lemma nn_integral_weighted_abs_le_linear_bound:
  fixes \<rho> :: "'a \<Rightarrow> real"
  assumes [measurable]: "\<rho> \<in> borel_measurable M" and \<rho>_nonneg: "\<And>x. 0 \<le> \<rho> x"
    and exp_moment: "(\<integral>\<^sup>+ x. ennreal (exp (\<rho> x)) \<partial>M) \<le> ennreal (exp L)"
    and KL: "integrable N (\<lambda>x. ln (dens x))"
    and "0 \<le> b"
    and pointwise: "\<And>r y. 0 \<le> r \<Longrightarrow> 0 \<le> y \<Longrightarrow>
           r * \<bar>y - 1\<bar> \<le> a * (y * ln y - y + 1) + b * exp r + c * y + e"
  shows "(\<integral>\<^sup>+ x. ennreal (\<rho> x * \<bar>dens x - 1\<bar>) \<partial>M)
           \<le> ennreal (a * (\<integral>x. ln (dens x) \<partial>N) + b * exp L + c + e)"
proof -
  define f where "f x = a * (dens x * ln (dens x) - dens x + 1) + b * exp (\<rho> x) + c * dens x + e" for x
  have f_ge: "\<rho> x * \<bar>dens x - 1\<bar> \<le> f x" for x
    unfolding f_def using pointwise[OF \<rho>_nonneg dens_nonneg] .
  have f_nonneg: "0 \<le> f x" for x
    using f_ge[of x] \<rho>_nonneg[of x] by (meson abs_ge_zero mult_nonneg_nonneg order_trans)
  have int_exp: "integrable M (\<lambda>x. exp (\<rho> x))"
    using exp_moment by (intro integrableI_nonneg) (auto simp: top.not_eq_extremum order_le_less_trans)
  have "ennreal (\<integral>x. exp (\<rho> x) \<partial>M) \<le> ennreal (exp L)"
    using exp_moment nn_integral_eq_integral[OF int_exp] by simp
  then have int_exp_le: "(\<integral>x. exp (\<rho> x) \<partial>M) \<le> exp L"
    by (simp add: ennreal_le_iff)
  have int_f: "integrable M f"
    unfolding f_def using integrable_entropy[OF KL] int_exp integrable_dens by auto
  have "(\<integral>\<^sup>+ x. ennreal (\<rho> x * \<bar>dens x - 1\<bar>) \<partial>M) \<le> (\<integral>\<^sup>+ x. ennreal (f x) \<partial>M)"
    using f_ge by (intro nn_integral_mono ennreal_leI)
  also have "\<dots> = ennreal (\<integral>x. f x \<partial>M)"
    using int_f f_nonneg by (intro nn_integral_eq_integral) auto
  also have "(\<integral>x. f x \<partial>M) = a * (\<integral>x. ln (dens x) \<partial>N) + b * (\<integral>x. exp (\<rho> x) \<partial>M) + c + e"
    unfolding f_def using integrable_entropy[OF KL] int_exp integrable_dens
    by (simp add: integral_entropy[OF KL] integral_dens M.prob_space)
  also have "ennreal \<dots> \<le> ennreal (a * (\<integral>x. ln (dens x) \<partial>N) + b * exp L + c + e)"
    using mult_left_mono[OF int_exp_le \<open>0 \<le> b\<close>] by (intro ennreal_leI) simp
  finally show ?thesis .
qed

lemma nn_integral_weighted_abs_le:
  fixes \<rho> :: "'a \<Rightarrow> real"
  assumes "\<rho> \<in> borel_measurable M" "\<And>x. 0 \<le> \<rho> x"
    and "(\<integral>\<^sup>+ x. ennreal (exp (\<rho> x)) \<partial>M) \<le> ennreal (exp L)" and "0 < L"
    and KL: "integrable N (\<lambda>x. ln (dens x))" and "(\<integral>x. ln (dens x) \<partial>N) \<le> H" and "0 < H"
  shows "(\<integral>\<^sup>+ x. ennreal (\<rho> x * \<bar>dens x - 1\<bar>) \<partial>M) \<le> ennreal ((3 + 2 * L) * (H + sqrt (H / 2)))"
proof -
  obtain a b c e where "0 \<le> a" "0 \<le> b"
    and pointwise: "\<And>r y. 0 \<le> r \<Longrightarrow> 0 \<le> y \<Longrightarrow>
          r * \<bar>y - 1\<bar> \<le> a * (y * ln y - y + 1) + b * exp r + c * y + e"
    and bound: "a * H + b * exp L + c + e \<le> (3 + 2 * L) * (H + sqrt (H / 2))"
    using entropy_exp_dual_bound[OF \<open>0 < L\<close> \<open>0 < H\<close>] by blast
  have "(\<integral>\<^sup>+ x. ennreal (\<rho> x * \<bar>dens x - 1\<bar>) \<partial>M)
      \<le> ennreal (a * (\<integral>x. ln (dens x) \<partial>N) + b * exp L + c + e)"
    using nn_integral_weighted_abs_le_linear_bound[OF assms(1-3) KL \<open>0 \<le> b\<close> pointwise] .
  also have "\<dots> \<le> ennreal ((3 + 2 * L) * (H + sqrt (H / 2)))"
    using bound mult_left_mono[OF \<open>(\<integral>x. ln (dens x) \<partial>N) \<le> H\<close> \<open>0 \<le> a\<close>]
    by (intro ennreal_leI) linarith
  finally show ?thesis .
qed

end

section \<open>The maximal coupling\<close>

locale borel_abs_continuous_probs = abs_continuous_probs M N
  for M N :: "(real^'n) measure" +
  assumes sets_M [measurable_cong]: "sets M = sets borel"
begin

lemma sets_N_borel [measurable_cong]: "sets N = sets borel"
  using sets_N sets_M by simp

lemma borel_measurable_dens_borel [measurable]: "dens \<in> borel_measurable borel"
  using borel_measurable_dens measurable_cong_sets[OF sets_M refl] by blast

definition overlap :: "real^'n \<Rightarrow> real" where
  "overlap x = min (dens x) 1"

definition deficit :: "real^'n \<Rightarrow> real" where
  "deficit x = max (1 - dens x) 0"

definition excess :: "real^'n \<Rightarrow> real" where
  "excess x = max (dens x - 1) 0"

definition tv :: ennreal where
  "tv = (\<integral>\<^sup>+ x. ennreal (excess x) \<partial>M)"

text \<open>The maximal coupling of \<open>M\<close> and \<open>N\<close>: it keeps the common mass \<open>overlap\<close> on the diagonal
  and moves the remaining mass \<open>deficit\<close> of \<open>M\<close> independently onto \<open>excess\<close>, both of total
  mass \<open>tv\<close>. The two parts are glued together as a density on \<open>(M \<Otimes> M) \<Otimes> bool\<close>, the
  Boolean coordinate selecting the diagonal part.\<close>

definition coupling_base :: "(((real^'n) \<times> (real^'n)) \<times> bool) measure" where
  "coupling_base = (M \<Otimes>\<^sub>M M) \<Otimes>\<^sub>M count_space UNIV"

definition coupling_weight :: "((real^'n) \<times> (real^'n)) \<times> bool \<Rightarrow> ennreal" where
  "coupling_weight z = (if snd z then ennreal (overlap (fst (fst z)))
     else ennreal (deficit (fst (fst z))) * ennreal (excess (snd (fst z))) * inverse tv)"

definition coupling_map :: "((real^'n) \<times> (real^'n)) \<times> bool \<Rightarrow> (real^'n) \<times> (real^'n)" where
  "coupling_map z = (if snd z then (fst (fst z), fst (fst z)) else fst z)"

definition max_coupling :: "((real^'n) \<times> (real^'n)) measure" where
  "max_coupling = distr (density coupling_base coupling_weight) (borel \<Otimes>\<^sub>M borel) coupling_map"

lemma borel_measurable_overlap [measurable]: "overlap \<in> borel_measurable borel"
  unfolding overlap_def by measurable

lemma borel_measurable_deficit [measurable]: "deficit \<in> borel_measurable borel"
  unfolding deficit_def by measurable

lemma borel_measurable_excess [measurable]: "excess \<in> borel_measurable borel"
  unfolding excess_def by measurable

lemma sets_coupling_base [measurable_cong]:
  "sets coupling_base = sets ((borel \<Otimes>\<^sub>M borel) \<Otimes>\<^sub>M (count_space UNIV :: bool measure))"
  unfolding coupling_base_def by (intro sets_pair_measure_cong sets_M refl)

lemma borel_measurable_coupling_weight [measurable]: "coupling_weight \<in> borel_measurable coupling_base"
  unfolding coupling_weight_def by measurable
···
**DIRECTIONS FOR THIS TASK**.
Every line in the data that holds the string "Otimes" should be returned.

**ANSWER TO THIS PROBLEM**.
  mass \<open>tv\<close>. The two parts are glued together as a density on \<open>(M \<Otimes> M) \<Otimes> bool\<close>, the
  "coupling_base = (M \<Otimes>\<^sub>M M) \<Otimes>\<^sub>M count_space UNIV"
  "max_coupling = distr (density coupling_base coupling_weight) (borel \<Otimes>\<^sub>M borel) coupling_map"
  "sets coupling_base = sets ((borel \<Otimes>\<^sub>M borel) \<Otimes>\<^sub>M (count_space UNIV :: bool measure))"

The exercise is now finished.